Work to be completed
Which lines of the records below contain the word "finally"? Copy each of them out.

Stored data entries:
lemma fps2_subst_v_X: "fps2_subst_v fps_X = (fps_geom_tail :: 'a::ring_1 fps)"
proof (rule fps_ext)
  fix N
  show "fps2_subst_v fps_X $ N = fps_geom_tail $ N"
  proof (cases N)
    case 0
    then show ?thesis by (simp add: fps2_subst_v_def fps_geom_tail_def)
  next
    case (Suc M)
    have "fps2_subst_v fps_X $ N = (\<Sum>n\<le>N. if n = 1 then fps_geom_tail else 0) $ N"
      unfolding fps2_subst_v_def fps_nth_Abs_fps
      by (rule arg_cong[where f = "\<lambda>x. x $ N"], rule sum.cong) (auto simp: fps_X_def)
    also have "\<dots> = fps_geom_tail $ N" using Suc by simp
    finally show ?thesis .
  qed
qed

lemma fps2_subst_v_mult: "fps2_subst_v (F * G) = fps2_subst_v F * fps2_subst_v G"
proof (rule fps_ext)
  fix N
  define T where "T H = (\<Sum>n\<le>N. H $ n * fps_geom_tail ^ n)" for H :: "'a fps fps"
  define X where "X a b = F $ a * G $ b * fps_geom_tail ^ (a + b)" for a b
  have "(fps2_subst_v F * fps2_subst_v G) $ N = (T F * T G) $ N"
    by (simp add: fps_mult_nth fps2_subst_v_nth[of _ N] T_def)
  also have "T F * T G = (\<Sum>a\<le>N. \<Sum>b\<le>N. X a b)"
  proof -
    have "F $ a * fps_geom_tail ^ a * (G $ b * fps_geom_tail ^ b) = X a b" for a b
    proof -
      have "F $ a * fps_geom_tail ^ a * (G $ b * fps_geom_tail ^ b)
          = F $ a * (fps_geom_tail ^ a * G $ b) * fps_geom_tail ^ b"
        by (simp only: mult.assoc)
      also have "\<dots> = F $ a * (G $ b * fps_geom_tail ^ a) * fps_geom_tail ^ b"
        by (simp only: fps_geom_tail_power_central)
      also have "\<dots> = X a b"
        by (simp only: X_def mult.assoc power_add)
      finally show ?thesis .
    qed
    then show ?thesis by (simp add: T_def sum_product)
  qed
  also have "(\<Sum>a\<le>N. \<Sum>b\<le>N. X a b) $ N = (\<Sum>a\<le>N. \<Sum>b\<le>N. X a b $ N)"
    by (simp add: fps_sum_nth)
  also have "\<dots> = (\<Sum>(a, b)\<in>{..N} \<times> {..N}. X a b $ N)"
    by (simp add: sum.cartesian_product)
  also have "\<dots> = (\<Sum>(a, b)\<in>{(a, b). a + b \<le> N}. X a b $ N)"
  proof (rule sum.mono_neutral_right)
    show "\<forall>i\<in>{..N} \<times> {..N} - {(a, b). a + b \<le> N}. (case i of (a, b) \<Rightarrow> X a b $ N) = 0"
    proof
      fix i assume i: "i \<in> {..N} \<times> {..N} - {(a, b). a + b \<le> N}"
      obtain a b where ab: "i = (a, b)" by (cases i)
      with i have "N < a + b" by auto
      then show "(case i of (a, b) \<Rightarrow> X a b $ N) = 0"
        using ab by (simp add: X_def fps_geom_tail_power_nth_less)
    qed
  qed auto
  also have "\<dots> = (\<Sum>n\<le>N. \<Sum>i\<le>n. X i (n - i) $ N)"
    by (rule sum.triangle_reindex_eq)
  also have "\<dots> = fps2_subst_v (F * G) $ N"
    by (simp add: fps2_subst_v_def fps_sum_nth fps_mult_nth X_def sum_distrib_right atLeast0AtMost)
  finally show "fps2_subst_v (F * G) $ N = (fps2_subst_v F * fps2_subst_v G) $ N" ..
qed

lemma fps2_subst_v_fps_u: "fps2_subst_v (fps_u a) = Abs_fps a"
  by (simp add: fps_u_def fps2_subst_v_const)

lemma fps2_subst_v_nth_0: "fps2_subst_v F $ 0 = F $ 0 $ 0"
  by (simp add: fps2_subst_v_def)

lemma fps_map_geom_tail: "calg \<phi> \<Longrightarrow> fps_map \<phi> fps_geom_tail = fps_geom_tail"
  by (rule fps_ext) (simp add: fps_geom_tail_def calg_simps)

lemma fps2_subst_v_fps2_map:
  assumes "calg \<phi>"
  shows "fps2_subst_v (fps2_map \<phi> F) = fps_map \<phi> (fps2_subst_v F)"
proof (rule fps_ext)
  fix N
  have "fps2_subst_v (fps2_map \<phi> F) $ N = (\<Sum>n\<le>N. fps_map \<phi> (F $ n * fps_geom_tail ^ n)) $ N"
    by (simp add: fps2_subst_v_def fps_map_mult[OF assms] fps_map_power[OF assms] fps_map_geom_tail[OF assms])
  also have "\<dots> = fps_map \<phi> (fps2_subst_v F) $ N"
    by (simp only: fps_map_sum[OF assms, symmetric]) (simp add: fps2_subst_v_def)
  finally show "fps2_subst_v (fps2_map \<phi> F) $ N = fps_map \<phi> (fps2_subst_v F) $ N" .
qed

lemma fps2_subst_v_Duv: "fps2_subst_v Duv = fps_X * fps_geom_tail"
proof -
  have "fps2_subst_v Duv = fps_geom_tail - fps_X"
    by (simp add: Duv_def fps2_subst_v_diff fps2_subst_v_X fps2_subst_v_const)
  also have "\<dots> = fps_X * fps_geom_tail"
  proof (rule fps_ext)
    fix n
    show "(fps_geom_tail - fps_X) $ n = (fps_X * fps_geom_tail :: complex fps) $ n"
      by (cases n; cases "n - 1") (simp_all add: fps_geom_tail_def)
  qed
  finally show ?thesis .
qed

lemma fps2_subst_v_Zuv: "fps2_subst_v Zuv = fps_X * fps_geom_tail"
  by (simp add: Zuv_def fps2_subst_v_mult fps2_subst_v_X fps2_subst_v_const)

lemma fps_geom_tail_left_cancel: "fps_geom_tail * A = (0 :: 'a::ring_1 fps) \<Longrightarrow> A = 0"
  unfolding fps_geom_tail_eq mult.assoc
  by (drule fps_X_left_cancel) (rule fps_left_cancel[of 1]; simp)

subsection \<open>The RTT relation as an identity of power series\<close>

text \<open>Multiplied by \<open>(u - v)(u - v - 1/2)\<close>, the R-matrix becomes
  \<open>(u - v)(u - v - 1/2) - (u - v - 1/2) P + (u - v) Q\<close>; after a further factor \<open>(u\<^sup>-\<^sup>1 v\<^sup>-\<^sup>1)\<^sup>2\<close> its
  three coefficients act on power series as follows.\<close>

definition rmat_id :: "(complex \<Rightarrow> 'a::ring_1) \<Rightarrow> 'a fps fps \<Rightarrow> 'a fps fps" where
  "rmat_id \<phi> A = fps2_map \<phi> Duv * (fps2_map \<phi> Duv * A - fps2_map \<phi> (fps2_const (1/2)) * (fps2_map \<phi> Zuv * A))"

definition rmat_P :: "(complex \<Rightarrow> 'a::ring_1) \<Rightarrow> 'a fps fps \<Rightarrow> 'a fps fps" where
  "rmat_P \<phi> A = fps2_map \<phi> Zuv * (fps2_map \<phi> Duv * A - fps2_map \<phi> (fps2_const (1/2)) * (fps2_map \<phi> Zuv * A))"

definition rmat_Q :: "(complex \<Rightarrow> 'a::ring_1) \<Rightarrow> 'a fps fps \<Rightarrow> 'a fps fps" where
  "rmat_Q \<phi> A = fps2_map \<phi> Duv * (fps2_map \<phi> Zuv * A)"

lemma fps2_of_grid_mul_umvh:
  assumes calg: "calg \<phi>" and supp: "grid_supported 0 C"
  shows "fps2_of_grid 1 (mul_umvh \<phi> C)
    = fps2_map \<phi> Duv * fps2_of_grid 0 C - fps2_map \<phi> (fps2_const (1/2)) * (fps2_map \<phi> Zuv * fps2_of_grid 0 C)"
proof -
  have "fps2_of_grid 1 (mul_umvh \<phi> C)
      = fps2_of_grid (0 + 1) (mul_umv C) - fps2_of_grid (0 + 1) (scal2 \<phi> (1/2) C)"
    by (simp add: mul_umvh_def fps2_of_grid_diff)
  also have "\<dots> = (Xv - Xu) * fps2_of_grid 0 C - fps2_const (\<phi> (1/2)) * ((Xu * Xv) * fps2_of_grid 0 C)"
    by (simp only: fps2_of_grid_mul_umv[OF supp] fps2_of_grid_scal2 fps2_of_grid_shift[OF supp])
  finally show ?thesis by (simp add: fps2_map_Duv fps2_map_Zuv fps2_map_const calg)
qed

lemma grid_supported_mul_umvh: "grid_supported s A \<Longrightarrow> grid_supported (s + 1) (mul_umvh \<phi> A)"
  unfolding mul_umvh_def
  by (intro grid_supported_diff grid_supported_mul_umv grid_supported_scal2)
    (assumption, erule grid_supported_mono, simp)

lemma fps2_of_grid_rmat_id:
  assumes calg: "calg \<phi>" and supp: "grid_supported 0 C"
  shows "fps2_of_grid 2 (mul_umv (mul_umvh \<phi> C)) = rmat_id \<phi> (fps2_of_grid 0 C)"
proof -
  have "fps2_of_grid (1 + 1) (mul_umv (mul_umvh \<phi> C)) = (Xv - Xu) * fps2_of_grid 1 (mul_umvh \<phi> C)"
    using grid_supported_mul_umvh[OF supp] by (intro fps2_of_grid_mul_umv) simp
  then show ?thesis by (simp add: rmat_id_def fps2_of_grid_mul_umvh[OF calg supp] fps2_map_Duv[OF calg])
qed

Answer section
    finally show ?thesis .
      finally show ?thesis .
  finally show "fps2_subst_v (F * G) $ N = (fps2_subst_v F * fps2_subst_v G) $ N" ..
  finally show "fps2_subst_v (fps2_map \<phi> F) $ N = fps_map \<phi> (fps2_subst_v F) $ N" .
  finally show ?thesis .
  finally show ?thesis by (simp add: fps2_map_Duv fps2_map_Zuv fps2_map_const calg)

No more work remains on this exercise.